Wednesday, September 24, 2008

Slow speeds transferring data between my machines

Alright, I'm not sure what I'm missing, or where I'm not testing, so I'm appealing to the people who know more than me.

I've got a couple of machines. We'll call them DB1 and DB2.

If I test the network connection between the two of them, it looks fine:

DB1 -> DB2
1024.75 Mbit/sec

DB2 -> DB1
895.13 Mbit/sec

When you convert those to Gb/s, I'm getting right around the theoretical max for the network.
(this was tested by using ttcp, by the way). So at least my cables aren't broken.

Now, the next thing I thought of was that my disks were slow.

DB1 has an internal array.

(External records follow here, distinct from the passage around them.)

lemma measurable_coordinate_shift:
  fixes \<mu> :: "real measure"
  assumes sets: "sets \<mu> = sets borel" and "k \<in> I"
  shows "(\<lambda>z. z(k := z k + \<delta>)) \<in> PiM I (\<lambda>_. \<mu>) \<rightarrow>\<^sub>M PiM I (\<lambda>_. \<mu>)"
proof (rule measurable_PiM_single')
  fix i assume i: "i \<in> I"
  show "(\<lambda>z. (z(k := z k + \<delta>)) i) \<in> PiM I (\<lambda>_. \<mu>) \<rightarrow>\<^sub>M \<mu>"
  proof (cases "i = k")
    case True
    have [measurable]: "(\<lambda>z. z k) \<in> borel_measurable (PiM I (\<lambda>_. \<mu>))"
      using measurable_component_singleton[OF assms(2), of "\<lambda>_. \<mu>"]
      by (simp add: measurable_cong_sets[OF refl sets])
    have "(\<lambda>z. z k + \<delta>) \<in> borel_measurable (PiM I (\<lambda>_. \<mu>))"
      by measurable
    thus ?thesis
      using True by (simp add: measurable_cong_sets[OF refl sets])
  qed (use measurable_component_singleton[OF i, of "\<lambda>_. \<mu>"] in simp)
next
  show "(\<lambda>z. z(k := z k + \<delta>)) \<in> space (PiM I (\<lambda>_. \<mu>)) \<rightarrow> (\<Pi>\<^sub>E i\<in>I. space \<mu>)"
    using sets_eq_imp_space_eq[OF sets] assms(2) by (auto simp: space_PiM PiE_def extensional_def Pi_def)
qed
lemma vqueue_square_Suc_le:
  assumes "0 \<le> e t" and "e t \<le> Emax" and "0 \<le> Eb"
  shows "(vqueue e Eb (Suc t))\<^sup>2 / 2 - (vqueue e Eb t)\<^sup>2 / 2
           \<le> beta1 Emax Eb + vqueue e Eb t * (e t - Eb)"
proof -
  define q d where "q = vqueue e Eb t" and "d = e t - Eb"
  have d_sq: "d\<^sup>2 \<le> Emax\<^sup>2 + Eb\<^sup>2"
    using assms unfolding d_def by (smt (verit) mult_nonneg_nonneg power2_diff power_mono)
  have "(vqueue e Eb (Suc t))\<^sup>2 \<le> (q + d)\<^sup>2"
    by (cases "0 \<le> q + d") (auto simp: q_def d_def)
  then have "(vqueue e Eb (Suc t))\<^sup>2 / 2 - q\<^sup>2 / 2 \<le> (q + d)\<^sup>2 / 2 - q\<^sup>2 / 2"
    by simp
  also have "\<dots> = q * d + d\<^sup>2 / 2"
    by (simp add: power2_sum field_simps)
  also have "\<dots> \<le> q * d + (Emax\<^sup>2 + Eb\<^sup>2) / 2"
    using d_sq by simp
  finally show ?thesis
    by (simp add: q_def d_def beta1_def)
qed

lemma vqueue_square_drift_le:
  assumes e: "\<And>t. 0 \<le> e t \<and> e t \<le> Emax" and "0 \<le> Eb"
  shows "(vqueue e Eb (n + j))\<^sup>2 / 2 - (vqueue e Eb n)\<^sup>2 / 2
           \<le> beta2 j Emax Eb * real j + (\<Sum>t\<in>{n..<n + j}. vqueue e Eb n * (e t - Eb))"
proof (induction j)
  case (Suc j)
  define q d where "q = vqueue e Eb" and "d = e (n + j) - Eb"
  have "(q (Suc (n + j)))\<^sup>2 / 2 - (q (n + j))\<^sup>2 / 2 \<le> beta1 Emax Eb + q (n + j) * d"
    unfolding q_def d_def using e[of "n + j"] \<open>0 \<le> Eb\<close> by (intro vqueue_square_Suc_le) auto
  moreover have "(q (n + j) - q n) * d \<le> real j * ((Emax - Eb) * Emax + Eb\<^sup>2)"
    unfolding q_def d_def using e \<open>0 \<le> Eb\<close> by (rule vqueue_increment_mult_le)
  moreover have "q (n + j) * d = q n * d + (q (n + j) - q n) * d"
    by (simp add: algebra_simps)
  ultimately have "(q (Suc (n + j)))\<^sup>2 / 2 - (q n)\<^sup>2 / 2
      \<le> beta2 j Emax Eb * real j + (\<Sum>t\<in>{n..<n + j}. q n * (e t - Eb))
        + beta1 Emax Eb + real j * ((Emax - Eb) * Emax + Eb\<^sup>2) + q n * d"
    using Suc unfolding q_def[symmetric] by linarith
  also have "\<dots> = beta2 (Suc j) Emax Eb * real (Suc j) + (\<Sum>t\<in>{n..<n + Suc j}. q n * (e t - Eb))"
    by (simp add: d_def beta2_def field_simps)
  finally show ?case
    by (simp add: q_def)
qed simp

lemma frame_slots_eq: "frame_slots T k = {k * T..<k * T + T}"
  by (simp add: frame_slots_def algebra_simps)

lemma vqueue_drift_plus_penalty_le:
  assumes "\<And>t. 0 \<le> e t \<and> e t \<le> Emax" and "0 \<le> Eb"
  shows "(vqueue e Eb (k * T + T))\<^sup>2 / 2 - (vqueue e Eb (k * T))\<^sup>2 / 2
           + V * (\<Sum>t\<in>frame_slots T k. x t)
         \<le> beta2 T Emax Eb * real T
           + (\<Sum>t\<in>frame_slots T k. V * x t + vqueue e Eb (k * T) * (e t - Eb))"
  using vqueue_square_drift_le[of e Emax Eb "k * T" T] assms
  by (simp add: frame_slots_eq sum.distrib sum_distrib_left)

lemma (in finite_measure) integrable_mult_bounded:
  fixes f g :: "'a \<Rightarrow> real"
  assumes [measurable]: "f \<in> borel_measurable M" "g \<in> borel_measurable M"
    and "\<And>x. x \<in> space M \<Longrightarrow> \<bar>f x\<bar> \<le> a" and "\<And>x. x \<in> space M \<Longrightarrow> \<bar>g x\<bar> \<le> b"
  shows "integrable M (\<lambda>x. f x * g x)"
proof (rule integrable_const_bound[where B = "a * b"])
  show "AE x in M. norm (f x * g x) \<le> a * b"
    using assms(3,4) by (intro AE_I2) (auto simp: abs_mult intro!: mult_mono order_trans[OF abs_ge_zero])
qed measurable

lemma borel_measurable_vqueue:
  assumes [measurable]: "\<And>t. E t \<in> borel_measurable M"
  shows "(\<lambda>\<omega>. vqueue (\<lambda>s. E s \<omega>) Eb t) \<in> borel_measurable M"
proof (induction t)
  case (Suc t)
  then show ?case
    by simp measurable
qed simp

lemma finite_measure_subalgebra_gen_sigma:
  assumes "finite_measure M" and "Y \<in> borel_measurable M"
  shows "finite_measure_subalgebra M (gen_sigma M Y)"
  unfolding finite_measure_subalgebra_def finite_measure_subalgebra_axioms_def
    subalgebra_def gen_sigma_def
  using assms(1) sets_image_in_sets[OF _ assms(2)] by auto

lemma (in sigma_finite_subalgebra) real_cond_exp_add_cmult_le:
  assumes [measurable]: "integrable M f" "integrable M g" "integrable M h"
    and "AE x in M. f x + c * g x \<le> b + h x"
  shows "AE x in M. real_cond_exp M F f x + c * real_cond_exp M F g x \<le> b + real_cond_exp M F h x"
proof -
  have "AE x in M. real_cond_exp M F (\<lambda>x. f x + c * g x - h x) x \<le> b"
    by (intro real_cond_exp_le_c) (use assms in auto)
  moreover have "AE x in M. real_cond_exp M F (\<lambda>x. f x + c * g x - h x) x
      = real_cond_exp M F (\<lambda>x. f x + c * g x) x - real_cond_exp M F h x"
    by (intro real_cond_exp_diff) (use assms in auto)
  moreover have "AE x in M. real_cond_exp M F (\<lambda>x. f x + c * g x) x
      = real_cond_exp M F f x + real_cond_exp M F (\<lambda>x. c * g x) x"
    by (intro real_cond_exp_add) (use assms in auto)
  moreover have "AE x in M. real_cond_exp M F (\<lambda>x. c * g x) x = c * real_cond_exp M F g x"
    by (intro real_cond_exp_cmult) (use assms in auto)
  ultimately show ?thesis
    by eventually_elim simp
qed
text \<open>Let \<open>a = R x\<close>. In a commutative algebra the Rota--Baxter identity gives
  \<open>a\<^sup>n\<^sup>+\<^sup>1 = (n+1) R(a\<^sup>n x)\<close>, so every polynomial in \<open>a\<close> without constant term lies in the
  image of \<open>R\<close>. In a direct sum of finite extensions \<open>a\<close> is algebraic, and a suitable such
  polynomial is the idempotent \<open>e\<close> with components \<open>1\<close> on the support of \<open>a\<close> and \<open>0\<close> elsewhere.
  But an idempotent \<open>e = R z\<close> vanishes: \<open>e = e\<^sup>2 = 2 R(e z)\<close> and \<open>e = e\<^sup>3 = 3 R(e z)\<close>. Hence
  \<open>a = 0\<close>. The argument works over any field.\<close>

text \<open>\<open>pow_suc a n = a\<^sup>n\<^sup>+\<^sup>1\<close>, since the algebras considered need not have a unit.\<close>
fun pow_suc :: "'a::semigroup_mult \<Rightarrow> nat \<Rightarrow> 'a" where
  "pow_suc a 0 = a"
| "pow_suc a (Suc n) = a * pow_suc a n"

locale comm_rota_baxter_algebra = vector_space smul
  for smul :: "'f::field \<Rightarrow> 'a::ring \<Rightarrow> 'a" +
  fixes R :: "'a \<Rightarrow> 'a"
  assumes mult_commute: "x * y = y * (x::'a)"
    and mult_smul_right: "x * smul c y = smul c (x * y)"
    and R_linear: "F_linear smul R"
    and R_rota_baxter: "rota_baxter0 R"
begin
(* Let $\mathcal D$ be a distribution of $(p,y)\in[0,1]\times\{0,1\}$ and $m^*=m^*(\mathcal D)$. If $m^*=+\infty$, then $\mathsf{SCDL}(\mathcal D)=0$. If $m^*<+\infty$, then (1) $\mathsf{SCDL}(\mathcal D)=\max\{\mathsf{SCDL}_{m^*}(\mathcal D),1/m^*\}\in[1/m^*,2/m^* )$, and (2) $\mathsf{SCDL}_{2m^*}(\mathcal D)\ge\mathsf{SCDL}(\mathcal D)$.
   Context: For $x\in\mathbb R$ write $x_+=\max\{x,0\}$. For a distribution $\mathcal D$ of $(p,y)\in[0,1]\times\{0,1\}$, a positive integer $m$ and $i\in\{0,\ldots,m\}$, let $w_i(p)=(1-|mp-i|)_+$, $\pi_i=\mathbb E_{\mathcal D}[w_i(p)]$ and $q_i=\mathbb E_{\mathcal D}[w_i(p)y]/\pi_i$ (terms with $\pi_i=0$ are $0$). Define $$\mathsf{SCDL}_m(\mathcal D)=\max_{i=0,\ldots,m}\Big(\sum_{j=0}^{i}\pi_j\big(q_j-\tfrac{i+1}{m}\big)_+ +\sum_{j=i+1}^{m}\pi_j\big(\tfrac im-q_j\big)_+\Big),\quad \mathsf{SCDL}(\mathcal D)=\inf_{m\in\{2^1,2^2,\ldots\}}\max\{\mathsf{SCDL}_m(\mathcal D),1/m\}.$$ $m^*(\mathcal D)$ is the smallest $m\in\{2^1,2^2,\ldots\}$ such that $\mathsf{SCDL}_{2m}(\mathcal D)\ge1/m$, and $m^*(\mathcal D)=+\infty$ if no such $m$ exists. *)

theory Defs
  imports "HOL-Analysis.Analysis" "HOL-Probability.Probability" "HOL-Library.Extended_Nat"
begin

text \<open>A distribution D of (p,y) in [0,1] x {0,1} is a probability measure on real x bool
  (y = True encodes label 1) concentrated on [0,1] for the first coordinate.\<close>

definition is_pred_dist :: "(real \<times> bool) measure \<Rightarrow> bool" where
  "is_pred_dist M \<longleftrightarrow> prob_space M \<and>
     sets M = sets (borel \<Otimes>\<^sub>M count_space (UNIV :: bool set)) \<and>
     (AE x in M. fst x \<in> {0..1})"

definition wgt :: "nat \<Rightarrow> nat \<Rightarrow> real \<Rightarrow> real" where
  "wgt m i p = max (1 - \<bar>real m * p - real i\<bar>) 0"

definition piw :: "(real \<times> bool) measure \<Rightarrow> nat \<Rightarrow> nat \<Rightarrow> real" where
  "piw M m i = (\<integral>x. wgt m i (fst x) \<partial>M)"

definition qw :: "(real \<times> bool) measure \<Rightarrow> nat \<Rightarrow> nat \<Rightarrow> real" where
  "qw M m i = (if piw M m i = 0 then 0
      else (\<integral>x. wgt m i (fst x) * (if snd x then 1 else 0) \<partial>M) / piw M m i)"

definition SCDL_m :: "(real \<times> bool) measure \<Rightarrow> nat \<Rightarrow> real" where
  "SCDL_m M m = Max ((\<lambda>i.
      (\<Sum>j\<in>{0..i}. piw M m j * max (qw M m j - real (i + 1) / real m) 0)
    + (\<Sum>j\<in>{i+1..m}. piw M m j * max (real i / real m - qw M m j) 0)) ` {0..m})"

definition SCDL :: "(real \<times> bool) measure \<Rightarrow> real" where
  "SCDL M = (INF k\<in>{1::nat..}. max (SCDL_m M (2 ^ k)) (1 / real ((2::nat) ^ k)))"

definition mstar :: "(real \<times> bool) measure \<Rightarrow> enat" where
  "mstar M = (if \<exists>k::nat. k \<ge> 1 \<and> SCDL_m M (2 * 2 ^ k) \<ge> 1 / real ((2::nat) ^ k)
     then enat (2 ^ (LEAST k::nat. k \<ge> 1 \<and> SCDL_m M (2 * 2 ^ k) \<ge> 1 / real ((2::nat) ^ k)))
     else \<infinity>)"

end

theory Submission
  imports Defs
begin

(* The tent function of mesh 1/m at node j is the (1/2, 1, 1/2)-combination of the tents of mesh
   1/(2m) at nodes 2j-1, 2j, 2j+1. The bias pi_j (q_j - c) is linear in the tent, so it refines
   in the same way, and the positive parts making up the i-th term of SCDL_m are dominated by
   half the sum of the terms 2i and 2i+1 of SCDL_2m. Hence a_k = SCDL_(2^k) is nondecreasing.
   For k below the first crossing K (the first k with a_(k+1) >= 2^-k) the value
   max(a_k, 2^-k) is at least 2^-k >= max(a_K, 2^-K), and beyond K it is at least a_(K+1) >= 2^-K;
   so the infimum is attained at m* = 2^K, and it is 0 if there is no crossing.
   SCDL_2 <= 1/2 rules out the crossing k = 0. *)

(* Nodes are integers: refining the tent at node 0 involves the tent at node -1, which vanishes
   on [0,1] (tent_vanishes_outside). *)
definition tent :: "nat \<Rightarrow> int \<Rightarrow> real \<Rightarrow> real" where
  "tent n k p = max (1 - \<bar>real n * p - real_of_int k\<bar>) 0"

lemma wgt_eq_tent: "wgt m i p = tent m (int i) p"
  by (simp add: wgt_def tent_def)
(* Lagrange's theorem in the factor group J/I of (J, o). *)
lemma mpow_card_quotient_in_ideal:
  assumes I: "brace_ideal A add mul zero I" and J: "brace_ideal A add mul zero J"
    and IJ: "I \<subseteq> J" and a: "a \<in> J"
  shows "mpow a (card (ideal_class I ` J)) \<in> I"
proof -
  let ?M = "mul_grp A mul zero"
  let ?J = "?M\<lparr>carrier := J\<rparr>"
  let ?n = "card (ideal_class I ` J)"
  have sub_J: "subgroup J ?M" by (rule ideal_mul_subgroup[OF J])
  have group_J: "group ?J" using subgroup.subgroup_is_group[OF sub_J mul_group] .
  have normal_I: "I \<lhd> ?J"
    using group.normal_restrict_supergroup[OF mul_group sub_J ideal_mul_normal[OF I] IJ] .
  have cosets: "I #>\<^bsub>?J\<^esub> x = ideal_class I x" if "x \<in> J" for x
    using r_coset_eq_ideal_class[OF I] ideal_subset[OF J] that by (auto simp: r_coset_def)
  have "carrier (?J Mod I) = ideal_class I ` J"
    unfolding carrier_FactGroup using cosets by simp
  then have "(I #>\<^bsub>?J\<^esub> a) [^]\<^bsub>?J Mod I\<^esub> ?n = \<one>\<^bsub>?J Mod I\<^esub>"
    using group.pow_order_eq_1[OF normal.factorgroup_is_group[OF normal_I]] cosets a
    by (simp add: order_def)
  then have "I #>\<^bsub>?J\<^esub> (a [^]\<^bsub>?J\<^esub> ?n) = I"
    using normal.FactGroup_pow[OF normal_I, of a] a by simp
  moreover have "a [^]\<^bsub>?J\<^esub> ?n = mpow a ?n"
    unfolding mpow_def by (metis monoid.nat_pow_consistent[OF group.is_monoid[OF mul_group]])
  moreover have "a [^]\<^bsub>?J\<^esub> ?n \<in> J"
    using monoid.nat_pow_closed[OF group.is_monoid[OF group_J]] a by simp
  ultimately show ?thesis
    using group.rcos_self[OF group_J, of "a [^]\<^bsub>?J\<^esub> ?n" I] normal_imp_subgroup[OF normal_I] by simp
qed

context
  fixes I assumes ideal: "brace_ideal A add mul zero I"
begin

lemma quotient_map_class:
  assumes resp: "\<And>x y. ideal_cong I x y \<Longrightarrow> ideal_cong I (h x) (h y)" and b: "b \<in> A"
  shows "quotient_map I h (ideal_class I b) = ideal_class I (h b)"
proof -
  let ?b = "inv_into A (ideal_class I) (ideal_class I b)"
  have "ideal_class I b \<in> ideal_class I ` A" using b by simp
  then have "?b \<in> A" "ideal_class I ?b = ideal_class I b"
    by (rule inv_into_into, rule f_inv_into_f)
  then have cong: "ideal_cong I (h ?b) (h b)"
    using b resp ideal_class_eq_iff[OF ideal] by blast
  then show ?thesis
    unfolding quotient_map_def
    using ideal_class_eq_iff[OF ideal, of "h ?b" "h b"] ideal_cong_closed[OF ideal cong] by simp
qed

lemma funpow_quotient_map:
  assumes resp: "\<And>x y. ideal_cong I x y \<Longrightarrow> ideal_cong I (h x) (h y)"
    and closed: "\<And>x. x \<in> A \<Longrightarrow> h x \<in> A" and b: "b \<in> A"
  shows "(quotient_map I h ^^ k) (ideal_class I b) = ideal_class I ((h ^^ k) b)"
proof (induction k)
  case (Suc k)
  have "(h ^^ k) b \<in> A" using closed b by (rule funpow_closed)
  then show ?case using Suc quotient_map_class[OF resp] by simp
qed simp

end

end

locale prime_index_ideals = skew_brace_struct +
  fixes I J
  assumes finite: "finite A"
    and ideal_I: "brace_ideal A add mul zero I" and ideal_J: "brace_ideal A add mul zero J"
    and subset: "I \<subseteq> J" and prime_index: "prime (card J div card I)"
begin

abbreviation "cls \<equiv> ideal_class I"

lemma J_subset: "J \<subseteq> A"
  using ideal_subset[OF ideal_J] .

lemma ideal_class_subset_J: "x \<in> J \<Longrightarrow> cls x \<subseteq> J"
  using subset J_subset ideal_add_closed[OF ideal_J]
  by (force simp: ideal_class_eq_add_image[OF ideal_I])

lemma card_J: "card J = card I * card (cls ` J)"
proof -
  have union: "\<Union> (cls ` J) = J"
    using ideal_class_subset_J mem_ideal_class_self[OF ideal_I] J_subset by blast
  have "card I * card (cls ` J) = card (\<Union> (cls ` J))"
  proof (rule card_partition)
    show "finite (cls ` J)" "finite (\<Union> (cls ` J))"
      using finite_subset[OF J_subset finite] union by auto
    show "\<And>c. c \<in> cls ` J \<Longrightarrow> card c = card I"
      using card_ideal_class[OF ideal_I] J_subset by auto
    show "\<And>c1 c2. c1 \<in> cls ` J \<Longrightarrow> c2 \<in> cls ` J \<Longrightarrow> c1 \<noteq> c2 \<Longrightarrow> c1 \<inter> c2 = {}"
      using ideal_class_disjoint[OF ideal_I] J_subset by auto
  qed
  with union show ?thesis by simp
qed

lemma prime_card_quotient: "prime (card (cls ` J))"
proof -
  have "card I > 0"
    using zero_in_ideal[OF ideal_I] finite_subset[OF ideal_subset[OF ideal_I] finite] card_gt_0_iff by blast
  then show ?thesis using prime_index card_J by simp
qed

lemma ideal_class_fixed_if_periodic:
  assumes resp: "\<And>x y. ideal_cong I x y \<Longrightarrow> ideal_cong I (h x) (h y)"
    and closed_A: "\<And>x. x \<in> A \<Longrightarrow> h x \<in> A" and closed_J: "\<And>x. x \<in> J \<Longrightarrow> h x \<in> J"
    and h_zero: "h zero = zero"
    and periodic: "\<And>b. b \<in> J \<Longrightarrow> ideal_cong I ((h ^^ card (cls ` J)) b) b"
    and b: "b \<in> J"
  shows "cls (h b) = cls b"
proof -
  note class_map = quotient_map_class[OF ideal_I resp]
  have "quotient_map I h (cls b) = cls b"
  proof (rule prime_card_periodic_map_fixed[OF _ prime_card_quotient])
    show "finite (cls ` J)" using finite_subset[OF J_subset finite] by simp
    show "cls zero \<in> cls ` J" "quotient_map I h (cls zero) = cls zero"
      using zero_in_ideal[OF ideal_J] class_map h_zero by auto
    show "quotient_map I h C \<in> cls ` J" if "C \<in> cls ` J" for C
      using that class_map closed_J J_subset by auto
    show "(quotient_map I h ^^ card (cls ` J)) C = C" if "C \<in> cls ` J" for C
    proof -
      obtain c where c: "c \<in> J" "C = cls c" using \<open>C \<in> cls ` J\<close> by auto
      have cong: "ideal_cong I ((h ^^ card (cls ` J)) c) c" using periodic[OF c(1)] .
      have "(quotient_map I h ^^ card (cls ` J)) C = cls ((h ^^ card (cls ` J)) c)"
        using funpow_quotient_map[OF ideal_I resp closed_A] c J_subset by auto
      also have "\<dots> = C"
        using ideal_class_eq_iff[OF ideal_I] ideal_cong_closed[OF ideal_I cong] cong c by simp
      finally show ?thesis .
    qed
    show "cls b \<in> cls ` J" using b by simp
  qed
  then show ?thesis using class_map b J_subset by auto
qed

lemma lam_ideal_class:
  assumes a: "a \<in> J" and b: "b \<in> J"
  shows "cls (lam a b) = cls b"
proof (rule ideal_class_fixed_if_periodic[OF _ _ _ _ _ b])
  have aA: "a \<in> A" using a J_subset by auto
  show "ideal_cong I (lam a x) (lam a y)" if "ideal_cong I x y" for x y
    using ideal_cong_lam[OF ideal_I ideal_cong_refl[OF ideal_I aA] that] .
  show "lam a x \<in> A" if "x \<in> A" for x using that aA by simp
  show "lam a x \<in> J" if "x \<in> J" for x using that lam_image_ideal[OF ideal_J aA] by blast
  show "lam a zero = zero" using aA by simp
  show "ideal_cong I ((lam a ^^ card (cls ` J)) c) c" if c: "c \<in> J" for c
  proof -
    have cA: "c \<in> A" using c J_subset by auto
    have "ideal_cong I (mpow a (card (cls ` J))) zero"
      using mpow_card_quotient_in_ideal[OF ideal_I ideal_J subset a]
      by (simp add: ideal_cong_zero_iff[OF ideal_I] ideal_cong_sym[OF ideal_I])
    then have "ideal_cong I (lam (mpow a (card (cls ` J))) c) (lam zero c)"
      using ideal_cong_lam[OF ideal_I _ ideal_cong_refl[OF ideal_I cA]] by blast
    then show ?thesis using funpow_lam[OF aA cA] cA by simp
  qed
qed
lemma sigma_finite_imp_generation: "sigma \<omega> x \<noteq> \<infinity> \<Longrightarrow> x \<in> generation \<omega> (length x)"
proof (induction x rule: rev_induct)
  case (snoc i z)
  then have "sigma \<omega> z \<noteq> \<infinity>"
    using sigma_append_mono[of \<omega> z "[i]"] by (cases "sigma \<omega> (z @ [i])") (auto dest: enat_ile)
  with snoc have "z \<in> generation \<omega> (length z)" by simp
  with sigma_snoc_finite_imp[OF snoc.prems] show ?case by (auto intro!: bexI[of _ z])
qed simp

lemma length_le_sigma:
  assumes pos: "\<forall>x\<in>born \<omega> n. \<forall>a\<in>set (\<omega> x). 1 \<le> a"
  shows "x \<in> born \<omega> n \<Longrightarrow> enat (length x) \<le> sigma \<omega> x"
proof (induction x rule: rev_induct)
  case (snoc i z)
  from snoc.prems have z: "z \<in> born \<omega> n" by (rule snoc_in_born_imp)
  have "sigma \<omega> (z @ [i]) \<noteq> \<infinity>" using snoc.prems by (auto simp: born_def dest: enat_ile)
  then have i: "1 \<le> i" "i \<le> length (\<omega> z)" using sigma_snoc_finite_imp by blast+
  then have "1 \<le> \<omega> z ! (i - 1)" using pos z by simp
  then have "enat 1 \<le> tau (\<omega> z) i" using i by (simp add: tau_def)
  with snoc.IH[OF z] have "enat (length z) + enat 1 \<le> sigma \<omega> z + tau (\<omega> z) i"
    by (rule add_mono)
  then show ?case by (simp add: sigma_snoc)
qed (simp add: zero_enat_def)

lemma finite_born:
  assumes pos: "\<forall>x\<in>born \<omega> n. \<forall>a\<in>set (\<omega> x). 1 \<le> a"
  shows "finite (born \<omega> n)"
proof (rule finite_subset)
  show "born \<omega> n \<subseteq> (\<Union>k\<le>n. generation \<omega> k)"
  proof
    fix x assume x: "x \<in> born \<omega> n"
    then have "enat (length x) \<le> enat n"
      using length_le_sigma[OF pos x] unfolding born_def by (blast intro: order_trans)
    then have "length x \<le> n" by simp
    moreover have "x \<in> generation \<omega> (length x)"
      using x by (intro sigma_finite_imp_generation) (auto simp: born_def dest: enat_ile)
    ultimately show "x \<in> (\<Union>k\<le>n. generation \<omega> k)" by auto
  qed
qed (simp add: finite_generation)

lemma finite_coming_gen:
  assumes "finite (born \<omega> n)"
  shows "finite (coming_gen \<omega> n)"
proof (rule finite_subset)
  show "coming_gen \<omega> n \<subseteq> (\<Union>z\<in>born \<omega> n. (\<lambda>i. z @ [i]) ` {1..length (\<omega> z)})"
  proof
    fix y assume "y \<in> coming_gen \<omega> n"
    then have y: "y = butlast y @ [last y]" "butlast y \<in> born \<omega> n" "sigma \<omega> y \<noteq> \<infinity>"
      by (auto simp: coming_gen_eq exit_labels_def)
    then have "last y \<in> {1..length (\<omega> (butlast y))}"
      using sigma_snoc_finite_imp[of \<omega> "butlast y" "last y"] by simp
    with y show "y \<in> (\<Union>z\<in>born \<omega> n. (\<lambda>i. z @ [i]) ` {1..length (\<omega> z)})"
      by blast
  qed
qed (use assms in auto)

lemma length_spine [simp]: "length (spine S k) = k"
  by (simp add: spine_def)

lemma take_spine: "k \<le> m \<Longrightarrow> take k (spine S m) = spine S k"
  by (simp add: spine_def take_map min_def)

lemma nth_spine: "i < k \<Longrightarrow> spine S k ! i = snd (S i)"
  by (simp add: spine_def)

lemma spine_eq_iff: "spine S (length y) = y \<longleftrightarrow> (\<forall>k<length y. snd (S k) = y ! k)"
proof
  show "spine S (length y) = y \<Longrightarrow> \<forall>k<length y. snd (S k) = y ! k"
    by (metis nth_spine)
qed (intro nth_equalityI, simp_all add: nth_spine)

definition proper_prefixes :: "label \<Rightarrow> label set" where
  "proper_prefixes y = (\<lambda>k. take k y) ` {..<length y}"

lemma finite_proper_prefixes: "finite (proper_prefixes y)"
  by (simp add: proper_prefixes_def)

lemma proper_prefixes_snoc: "proper_prefixes (y @ [i]) = insert y (proper_prefixes y)"
proof -
  have "(\<lambda>k. take k (y @ [i])) ` {..<length y} = (\<lambda>k. take k y) ` {..<length y}"
    by (rule image_cong) simp_all
  then show ?thesis unfolding proper_prefixes_def by (simp add: lessThan_Suc)
qed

It's fast enough:


[root@DB1 ~]# dd if=/dev/zero of=/db/testout bs=1024 count=10000000
10000000+0 records in
10000000+0 records out
10240000000 bytes (10 GB) copied, 58.2554 seconds, 176 MB/s

DB2 is connected to the SAN, and is no slouch either:

[root@DB2 ~]# dd if=/dev/zero of=/db/testout bs=1024 count=10000000
10000000+0 records in
10000000+0 records out
10240000000 bytes (10 GB) copied, 76.7791 seconds, 133 MB/s

When I read from the big array on DB1 to the mirrored disks, I get very fast speeds. Because my free space is small enough (< 4GB free) on my mirrored disks, I can't get a big enough file to make the transfer count. It reports 1,489.63Mb/s, which is baloney, but it lets me know that it's fast.

Reading from the SAN to DB2's local disks is, if not fast, passable
10240000000 bytes (10 GB) copied, 169.405 seconds, 60.4 MB/s
That works out 483.2Mb/s

Now, when I try to rsync from DB2 to DB1, I have issues. Big issues.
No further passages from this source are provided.